Data professions (Engineers, Scientists, Analysts) always receive data from various sources and they have to quickly decide if the data is worth working on. This is akin to doctors who see patients with various symptoms. What almost all doctors do universally is to use their stethoscope first. But data professionals jump to write code in Python or R or some programing language or even worse try to analyse with spreadsheets. This is when simple command line tools are present at their disposal.
This tutorial attempts to open the data professionals to the world of exploring data on the command line interface.
Yes. At a distance that is what it might seem like. But most tutorials/books do this:
- Introduce a lot of commands; however without a proper data to work on one will now know what to use when.

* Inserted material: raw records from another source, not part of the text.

lemma card_sym_diff:
  assumes "finite X" "finite S"
  shows "card (sym_diff X S) + 2 * card (X \<inter> S) = card X + card S"
proof -
  have "card (sym_diff X S) = card (X - S) + card (S - X)"
    using assms by (intro card_Un_disjoint) auto
  moreover have "card (X - S) + card (X \<inter> S) = card X" "card (S - X) + card (X \<inter> S) = card S"
    using assms card_Diff_subset_Int[of X S] card_Diff_subset_Int[of S X]
    by (simp_all add: card_mono Int_commute)
  ultimately show ?thesis by linarith
qed

lemma even_card_toggle_pair:
  assumes "finite X"
  shows "even (card (sym_diff X {e, f})) \<longleftrightarrow> (even (card X) \<longleftrightarrow> e \<noteq> f)"
proof -
  have "even (card (sym_diff X {e, f})) \<longleftrightarrow> even (card X + card {e, f})"
    using card_sym_diff[OF assms, of "{e, f}"] by (metis even_add even_mult_iff even_numeral finite.emptyI finite_insert)
  then show ?thesis by (cases "e = f") auto
qed

lemma delta_matroid_odd_subsets_Un:
  assumes "finite E" "E \<noteq> {}" and G: "G \<subseteq> {X. X \<subseteq> E \<and> even (card X)}"
  shows "delta_matroid E ({X. X \<subseteq> E \<and> odd (card X)} \<union> G)" (is "delta_matroid E ?F")
proof (rule delta_matroidI)
  show "finite E" by fact
  obtain x where "x \<in> E" using assms(2) by blast
  then show "?F \<noteq> {}" by auto
  show "?F \<subseteq> Pow E" using G by auto
  fix X Y e assume X: "X \<in> ?F" and Y: "Y \<in> ?F" and e: "e \<in> X \<union> Y - X \<inter> Y"
  define T where "T f = sym_diff X {e, f}" for f
  have "X \<subseteq> E" "Y \<subseteq> E" using X Y G by auto
  then have TE: "T f \<subseteq> E" if "f \<in> X \<union> Y" for f using e that by (auto simp: T_def)
  have odd_T: "odd (card (T f)) \<longleftrightarrow> (even (card X) \<longleftrightarrow> e = f)" for f
    using even_card_toggle_pair[of X e f] finite_subset[OF \<open>X \<subseteq> E\<close> \<open>finite E\<close>]
    by (simp add: T_def)
  show "\<exists>f \<in> X \<union> Y - X \<inter> Y. T f \<in> ?F"
  proof (cases "even (card X)")
    case True
    then have "T e \<in> ?F" using odd_T[of e] TE[of e] e by auto
    with e show ?thesis by blast
  next
    case False
    show ?thesis
    proof (cases "\<exists>f \<in> X \<union> Y - X \<inter> Y. f \<noteq> e")
      case True
      then obtain f where f: "f \<in> X \<union> Y - X \<inter> Y" "f \<noteq> e" by blast
      then have "T f \<in> ?F" using \<open>odd (card X)\<close> odd_T[of f] TE[of f] by auto
      with f show ?thesis by blast
    next
      case False
      then have "Y = T e" using e unfolding T_def by blast
      with e Y show ?thesis by blast
    qed
  qed
qed

lemma card_even_subsets:
  assumes "finite E" "E \<noteq> {}"
  shows "card {X. X \<subseteq> E \<and> even (card X)} = 2 ^ (card E - 1)"
proof -
  let ?Ev = "{X. X \<subseteq> E \<and> even (card X)}" and ?Od = "{X. X \<subseteq> E \<and> odd (card X)}"
  have "card ?Ev = card ?Od"
    using card_subsupersets_even_odd[of E "{}"] assms by auto
  moreover have "card ?Ev + card ?Od = 2 ^ card E"
  proof -
    have "?Ev \<union> ?Od = Pow E" by auto
    then have "card (?Ev \<union> ?Od) = 2 ^ card E" using assms by (simp add: card_Pow)
    then show ?thesis using assms by (subst (asm) card_Un_disjoint) auto
  qed
  moreover have "(2::nat) ^ card E = 2 * 2 ^ (card E - 1)"
    using assms by (cases "card E") auto
  ultimately show ?thesis by linarith
qed

lemma card_delta_matroids_ge:
  assumes "finite E" "E \<noteq> {}"
  shows "2 ^ 2 ^ (card E - 1) \<le> card {F. delta_matroid E F}"
proof -
  let ?Ev = "{X. X \<subseteq> E \<and> even (card X)}" and ?Od = "{X. X \<subseteq> E \<and> odd (card X)}"
  have "inj_on ((\<union>) ?Od) (Pow ?Ev)" by (auto simp: inj_on_def)
  moreover have "(\<union>) ?Od ` Pow ?Ev \<subseteq> {F. delta_matroid E F}"
    using delta_matroid_odd_subsets_Un[OF assms] by auto
  ultimately have "card (Pow ?Ev) \<le> card {F. delta_matroid E F}"
    using card_inj_on_le finite_delta_matroids assms(1) by blast
  moreover have "card (Pow ?Ev) = 2 ^ 2 ^ (card E - 1)"
    using assms by (simp add: card_Pow card_even_subsets)
  ultimately show ?thesis by simp
qed

definition deletion :: "'a \<Rightarrow> 'a set set \<Rightarrow> 'a set set" where
  "deletion m F = {X \<in> F. m \<notin> X}"

definition contraction :: "'a \<Rightarrow> 'a set set \<Rightarrow> 'a set set" where
  "contraction m F = (\<lambda>X. X - {m}) ` {X \<in> F. m \<in> X}"

lemma insert_image_contraction: "insert m ` contraction m F = {X \<in> F. m \<in> X}"
proof -
  have "insert m ` contraction m F = (\<lambda>X. insert m (X - {m})) ` {X \<in> F. m \<in> X}"
    by (simp add: contraction_def image_image)
  also have "\<dots> = id ` {X \<in> F. m \<in> X}"
    by (rule image_cong) auto
  finally show ?thesis by simp
qed

lemma deletion_Un_contraction: "deletion m F \<union> insert m ` contraction m F = F"
  by (auto simp: deletion_def insert_image_contraction)

lemma inj_deletion_contraction: "inj (\<lambda>F. (deletion m F, contraction m F))"
proof (rule injI)
  fix F G assume "(deletion m F, contraction m F) = (deletion m G, contraction m G)"
  then have "deletion m F = deletion m G" "contraction m F = contraction m G" by simp_all
  then show "F = G" by (metis deletion_Un_contraction)
qed

lemma delta_matroid_deletion:
  assumes F: "delta_matroid (insert m E) F" and "deletion m F \<noteq> {}"
  shows "delta_matroid E (deletion m F)"
proof (rule delta_matroidI)
  show "finite E" using F by (simp add: delta_matroid_def)
  show "deletion m F \<noteq> {}" by fact
  show "deletion m F \<subseteq> Pow E"
    using delta_matroid_subset_Pow[OF F] by (auto simp: deletion_def)
  fix X Y e assume "X \<in> deletion m F" "Y \<in> deletion m F" and e: "e \<in> X \<union> Y - X \<inter> Y"
  then have X: "X \<in> F" "m \<notin> X" and Y: "Y \<in> F" "m \<notin> Y" by (auto simp: deletion_def)
  obtain f where "f \<in> X \<union> Y - X \<inter> Y" "sym_diff X {e, f} \<in> F"
    by (rule delta_matroid_exchange[OF F X(1) Y(1) e])
  moreover have "m \<notin> sym_diff X {e, f}"
    using X Y e calculation(1) by auto
  ultimately show "\<exists>f \<in> X \<union> Y - X \<inter> Y. sym_diff X {e, f} \<in> deletion m F"
    by (auto simp: deletion_def)
qed

lemma delta_matroid_contraction:
  assumes F: "delta_matroid (insert m E) F" and "contraction m F \<noteq> {}"
  shows "delta_matroid E (contraction m F)"
proof (rule delta_matroidI)
  show "finite E" using F by (simp add: delta_matroid_def)
  show "contraction m F \<noteq> {}" by fact
  show "contraction m F \<subseteq> Pow E"
    using delta_matroid_subset_Pow[OF F] by (auto simp: contraction_def)
  fix X' Y' e assume "X' \<in> contraction m F" "Y' \<in> contraction m F" and e: "e \<in> X' \<union> Y' - X' \<inter> Y'"
  then obtain X Y where X: "X \<in> F" "m \<in> X" "X' = X - {m}" and Y: "Y \<in> F" "m \<in> Y" "Y' = Y - {m}"
    by (auto simp: contraction_def)
  have "e \<in> X \<union> Y - X \<inter> Y" using e X Y by auto
  then obtain f where f: "f \<in> X \<union> Y - X \<inter> Y" "sym_diff X {e, f} \<in> F"
    by (rule delta_matroid_exchange[OF F X(1) Y(1)])
  have "m \<notin> {e, f}" using e f(1) X Y by auto
  then have "sym_diff X' {e, f} = sym_diff X {e, f} - {m}"
    and "m \<in> sym_diff X {e, f}" using X by auto
  then have "sym_diff X' {e, f} \<in> contraction m F"
    using f(2) by (auto simp: contraction_def)
  moreover have "f \<in> X' \<union> Y' - X' \<inter> Y'" using f(1) \<open>m \<notin> {e, f}\<close> X Y by auto
  ultimately show "\<exists>f \<in> X' \<union> Y' - X' \<inter> Y'. sym_diff X' {e, f} \<in> contraction m F"
    by blast
qed

lemma not_delta_matroid_empty_and_ground:
  assumes "card E \<ge> 3"
  shows "\<not> delta_matroid E {{}, E}"
proof
  assume dm: "delta_matroid E {{}, E}"
  from assms have "E \<noteq> {}" by auto
  then obtain e where "e \<in> {} \<union> E - {} \<inter> E" by auto
  then obtain f where "sym_diff {} {e, f} \<in> {{}, E}"
    by (rule delta_matroid_exchange[OF dm insertI1 insertI2[OF singletonI]])
  then have "E = {e, f}" by auto
  then have "card E \<le> 2" by (simp add: card_insert_if)
  with assms show False by simp
qed

lemma card_delta_matroids_insert_le:
  assumes "finite E" "m \<notin> E" "card E \<ge> 2"
  shows "card {F. delta_matroid (insert m E) F} + 2 \<le> (card {F. delta_matroid E F} + 1)\<^sup>2"
proof -
  let ?D = "{F. delta_matroid E F}" and ?D' = "{F. delta_matroid (insert m E) F}"
  let ?\<phi> = "\<lambda>F. (deletion m F, contraction m F)"
  define P where "P = insert {} ?D"
  let ?Bad = "{({}, {}), ({{}}, {E})}"
  have fin: "finite ?D" "finite P" using finite_delta_matroids[OF assms(1)] by (simp_all add: P_def)
  have "{} \<notin> ?D" by (simp add: delta_matroid_def)
  then have card_P: "card P = card ?D + 1"
    using fin by (simp add: P_def)
  have bad_in: "?Bad \<subseteq> P \<times> P"
    using assms(1) by (simp add: P_def delta_matroid_singleton)
  have phi_in: "?\<phi> F \<in> P \<times> P - ?Bad" if F: "delta_matroid (insert m E) F" for F
  proof -
    have "deletion m F \<in> P" "contraction m F \<in> P"
      using delta_matroid_deletion[OF F] delta_matroid_contraction[OF F] by (auto simp: P_def)
    moreover have "?\<phi> F \<notin> ?Bad"
    proof
      assume "?\<phi> F \<in> ?Bad"
      then have "deletion m F \<union> insert m ` contraction m F \<in> {{}, {{}, insert m E}}" by auto
      then have "F = {} \<or> F = {{}, insert m E}" by (simp add: deletion_Un_contraction)
      moreover have "card (insert m E) \<ge> 3" using assms by simp
      ultimately show False
        using F delta_matroid_nonempty not_delta_matroid_empty_and_ground by blast
    qed
    ultimately show ?thesis by (rule DiffI[OF SigmaI])
  qed
  have "?\<phi> ` ?D' \<subseteq> P \<times> P - ?Bad"
    by (rule image_subsetI) (rule phi_in, simp)
  moreover have "inj_on ?\<phi> ?D'" using inj_deletion_contraction by (rule inj_on_subset) simp
  ultimately have "card ?D' \<le> card (P \<times> P - ?Bad)"
    using fin by (intro card_inj_on_le) auto
  also have "\<dots> = card (P \<times> P) - 2"
    using bad_in fin by (simp add: card_Diff_subset)
  finally have "card ?D' + 2 \<le> card (P \<times> P)"
    using card_mono[OF _ bad_in] fin by simp
  also have "\<dots> = (card ?D + 1)\<^sup>2"
    using card_P by (simp add: card_cartesian_product power2_eq_square)
  finally show ?thesis .
qed

lemma d_ge: "n \<ge> 1 \<Longrightarrow> 2 ^ 2 ^ (n - 1) \<le> d n"
  using card_delta_matroids_ge[of "{1..n}"] by (simp add: d_def)

lemma d_Suc_le: "n \<ge> 2 \<Longrightarrow> d (Suc n) + 2 \<le> (d n + 1)\<^sup>2"
  using card_delta_matroids_insert_le[of "{1..n}" "Suc n"]
  by (simp add: d_def atLeastAtMostSuc_conv)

- Take a stance that everything can be done on the command line; that again is like using the golden hammer. Command line is great for initial analysis but beyond that you will need to use programming languages
So, what we do in this tutorial is to take a dataset and explain how the dataset can be analysed on the command line. The same dataset is used throughout the tutorial because that is what you would do practically when you get a dataset.
Navigate this tutorial from Lesson 1 onwards; do not jump to lessons in a non-sequential manner as you will not be able to follow.
Lesson 1: Obtaining the Dataset
Lesson 2: Doing basic checks on data files
Lesson 3: How to do a qualitative assessment of the data
Lesson 4: How to do a basic quantitative assessment of the data
Lesson 5: Stream first, download next
- This is a practical tutorial which works on a Unix based terminal; first set up one before you begin - if you are working on Mac or Ubuntu, you are already set
- You do not have to be conversant with Unix command line, but should have the patience to stick to it as command line is an acquired taste
- There will be occasions where the tools used in this tutorial is not available pre-installed on your machine; in such cases figure out a way to install teh tools. All tools used are popularly available and hence you will not face road blockers.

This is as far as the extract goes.